[Saved entries]
*** Block opens ***

(* Assume Case 4 holds and let $\mathcal{I}_f^{AR}=[l_1,l_1+l_2]$. Then for every $n\ge1$, $Q^n$ contains the term $z^{\gamma_n}w^{d^n}$, $(\gamma_n,d^n)$ is a vertex of $N(Q^n)$, and for every $l\in\mathcal{I}_f^{AR}$, $$w_l(Q^n)=w_l(z^{\gamma_n}w^{d^n})=\gamma_n+l\,d^n.$$
   Context: Let $f(z,w)=(p(z),q(z,w))$ be a holomorphic skew product germ at the origin of $\mathbb{C}^2$ with $f(0,0)=(0,0)$, where $p(z)=a_\delta z^\delta+O(z^{\delta+1})$ with $a_\delta\neq0$ and integer $\delta\ge1$, and $q(z,w)=\sum_{i+j\ge1}b_{ij}z^iw^j$ is not identically zero. For $n\ge1$ write $f^n=(p^n,Q^n)$. For a nonzero germ $g=\sum g_{ij}z^iw^j$, say $g$ contains $z^aw^b$ if $g_{ab}\neq0$, and for real $l>0$ let $w_l(g)=\min\{i+lj: g_{ij}\neq0\}$. The Newton polygon $N(g)$ is the convex hull of $\bigcup_{g_{ij}\neq0}\{(x,y):x\ge i,\ y\ge j\}$. Let $(n_1,m_1),\dots,(n_s,m_s)$ be the vertices of $N(q)$ with $n_1<\cdots<n_s$, $m_1>\cdots>m_s$; for $1\le k\le s-1$ let $T_k$ be the $y$-intercept of the line through $(n_k,m_k)$ and $(n_{k+1},m_{k+1})$. Case 4 means: $s>2$ and $T_k\le\delta\le T_{k-1}$ for some $2\le k\le s-1$; for this $k$ set $(\gamma,d)=(n_k,m_k)$, $l_1=\frac{n_k-n_{k-1}}{m_{k-1}-m_k}$ and $l_2$ defined by $l_1+l_2=\frac{n_{k+1}-n_k}{m_k-m_{k+1}}$. Define $\gamma_n=\gamma(\delta^{n-1}+\delta^{n-2}d+\cdots+d^{n-1})$. *)

theory Defs
  imports "HOL-Analysis.Analysis"
begin

text \<open>Formal power series in two variables z, w, represented by their coefficient
  functions: g i j is the coefficient of z^i w^j.\<close>
type_synonym bps = "nat \<Rightarrow> nat \<Rightarrow> complex"

definition bmul :: "bps \<Rightarrow> bps \<Rightarrow> bps" where
  "bmul A B = (\<lambda>a b. \<Sum>i\<le>a. \<Sum>j\<le>b. A i j * B (a - i) (b - j))"

fun bpow :: "bps \<Rightarrow> nat \<Rightarrow> bps" where
  "bpow A 0 = (\<lambda>a b. if a = 0 \<and> b = 0 then 1 else 0)"
| "bpow A (Suc n) = bmul A (bpow A n)"

text \<open>Substitution g(P(z,w), Q(z,w)) for series P, Q without constant term
  (terms with i + j > a + b do not contribute to the coefficient of z^a w^b).\<close>
definition bcomp :: "bps \<Rightarrow> bps \<Rightarrow> bps \<Rightarrow> bps" where
  "bcomp g P Q = (\<lambda>a b. \<Sum>i\<le>a+b. \<Sum>j\<le>a+b. g i j * bmul (bpow P i) (bpow Q j) a b)"

definition zvar :: bps where "zvar = (\<lambda>a b. if a = 1 \<and> b = 0 then 1 else 0)"
definition wvar :: bps where "wvar = (\<lambda>a b. if a = 0 \<and> b = 1 then 1 else 0)"

definition embed_z :: "(nat \<Rightarrow> complex) \<Rightarrow> bps" where
  "embed_z p = (\<lambda>a b. if b = 0 then p a else 0)"

text \<open>skew_iter p q n = f^n = (p^n, Q^n) for f(z,w) = (p(z), q(z,w)); f^(n+1) = f o f^n.\<close>
fun skew_iter :: "(nat \<Rightarrow> complex) \<Rightarrow> bps \<Rightarrow> nat \<Rightarrow> bps \<times> bps" where
  "skew_iter p q 0 = (zvar, wvar)"
| "skew_iter p q (Suc n) =
     (let (P, Q) = skew_iter p q n in (bcomp (embed_z p) P Q, bcomp q P Q))"

text \<open>Convergence (holomorphic germ): Cauchy-type coefficient bounds on a polydisc.\<close>
definition conv_germ1 :: "(nat \<Rightarrow> complex) \<Rightarrow> bool" where
  "conv_germ1 c \<longleftrightarrow> (\<exists>\<rho>>0. \<exists>M. \<forall>i. norm (c i) * \<rho> ^ i \<le> M)"

definition conv_germ2 :: "bps \<Rightarrow> bool" where
  "conv_germ2 c \<longleftrightarrow> (\<exists>\<rho>>0. \<exists>M. \<forall>i j. norm (c i j) * \<rho> ^ (i + j) \<le> M)"

definition newton_polygon :: "bps \<Rightarrow> (real \<times> real) set" where
  "newton_polygon g = convex hull (\<Union>{ {(x, y). real i \<le> x \<and> real j \<le> y} | i j. g i j \<noteq> 0 })"

definition weight :: "real \<Rightarrow> bps \<Rightarrow> real" where
  "weight l g = Inf {real i + l * real j | i j. g i j \<noteq> 0}"

definition monom :: "nat \<Rightarrow> nat \<Rightarrow> bps" where
  "monom a b = (\<lambda>i j. if i = a \<and> j = b then 1 else 0)"

definition yint :: "real \<Rightarrow> real \<Rightarrow> real \<Rightarrow> real \<Rightarrow> real" where
  "yint x1 y1 x2 y2 = y1 - x1 * (y2 - y1) / (x2 - x1)"

end

theory Submission
  imports Defs
begin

*** Block closes ***

=== Work instruction ===
Using the entries above, quote each line verbatim from the first through the line that contains "text \<open>Substitution g(P(z,w), Q(z,w))".

=== Task response ===
(* Assume Case 4 holds and let $\mathcal{I}_f^{AR}=[l_1,l_1+l_2]$. Then for every $n\ge1$, $Q^n$ contains the term $z^{\gamma_n}w^{d^n}$, $(\gamma_n,d^n)$ is a vertex of $N(Q^n)$, and for every $l\in\mathcal{I}_f^{AR}$, $$w_l(Q^n)=w_l(z^{\gamma_n}w^{d^n})=\gamma_n+l\,d^n.$$
   Context: Let $f(z,w)=(p(z),q(z,w))$ be a holomorphic skew product germ at the origin of $\mathbb{C}^2$ with $f(0,0)=(0,0)$, where $p(z)=a_\delta z^\delta+O(z^{\delta+1})$ with $a_\delta\neq0$ and integer $\delta\ge1$, and $q(z,w)=\sum_{i+j\ge1}b_{ij}z^iw^j$ is not identically zero. For $n\ge1$ write $f^n=(p^n,Q^n)$. For a nonzero germ $g=\sum g_{ij}z^iw^j$, say $g$ contains $z^aw^b$ if $g_{ab}\neq0$, and for real $l>0$ let $w_l(g)=\min\{i+lj: g_{ij}\neq0\}$. The Newton polygon $N(g)$ is the convex hull of $\bigcup_{g_{ij}\neq0}\{(x,y):x\ge i,\ y\ge j\}$. Let $(n_1,m_1),\dots,(n_s,m_s)$ be the vertices of $N(q)$ with $n_1<\cdots<n_s$, $m_1>\cdots>m_s$; for $1\le k\le s-1$ let $T_k$ be the $y$-intercept of the line through $(n_k,m_k)$ and $(n_{k+1},m_{k+1})$. Case 4 means: $s>2$ and $T_k\le\delta\le T_{k-1}$ for some $2\le k\le s-1$; for this $k$ set $(\gamma,d)=(n_k,m_k)$, $l_1=\frac{n_k-n_{k-1}}{m_{k-1}-m_k}$ and $l_2$ defined by $l_1+l_2=\frac{n_{k+1}-n_k}{m_k-m_{k+1}}$. Define $\gamma_n=\gamma(\delta^{n-1}+\delta^{n-2}d+\cdots+d^{n-1})$. *)

theory Defs
  imports "HOL-Analysis.Analysis"
begin

text \<open>Formal power series in two variables z, w, represented by their coefficient
  functions: g i j is the coefficient of z^i w^j.\<close>
type_synonym bps = "nat \<Rightarrow> nat \<Rightarrow> complex"

definition bmul :: "bps \<Rightarrow> bps \<Rightarrow> bps" where
  "bmul A B = (\<lambda>a b. \<Sum>i\<le>a. \<Sum>j\<le>b. A i j * B (a - i) (b - j))"

fun bpow :: "bps \<Rightarrow> nat \<Rightarrow> bps" where
  "bpow A 0 = (\<lambda>a b. if a = 0 \<and> b = 0 then 1 else 0)"
| "bpow A (Suc n) = bmul A (bpow A n)"

text \<open>Substitution g(P(z,w), Q(z,w)) for series P, Q without constant term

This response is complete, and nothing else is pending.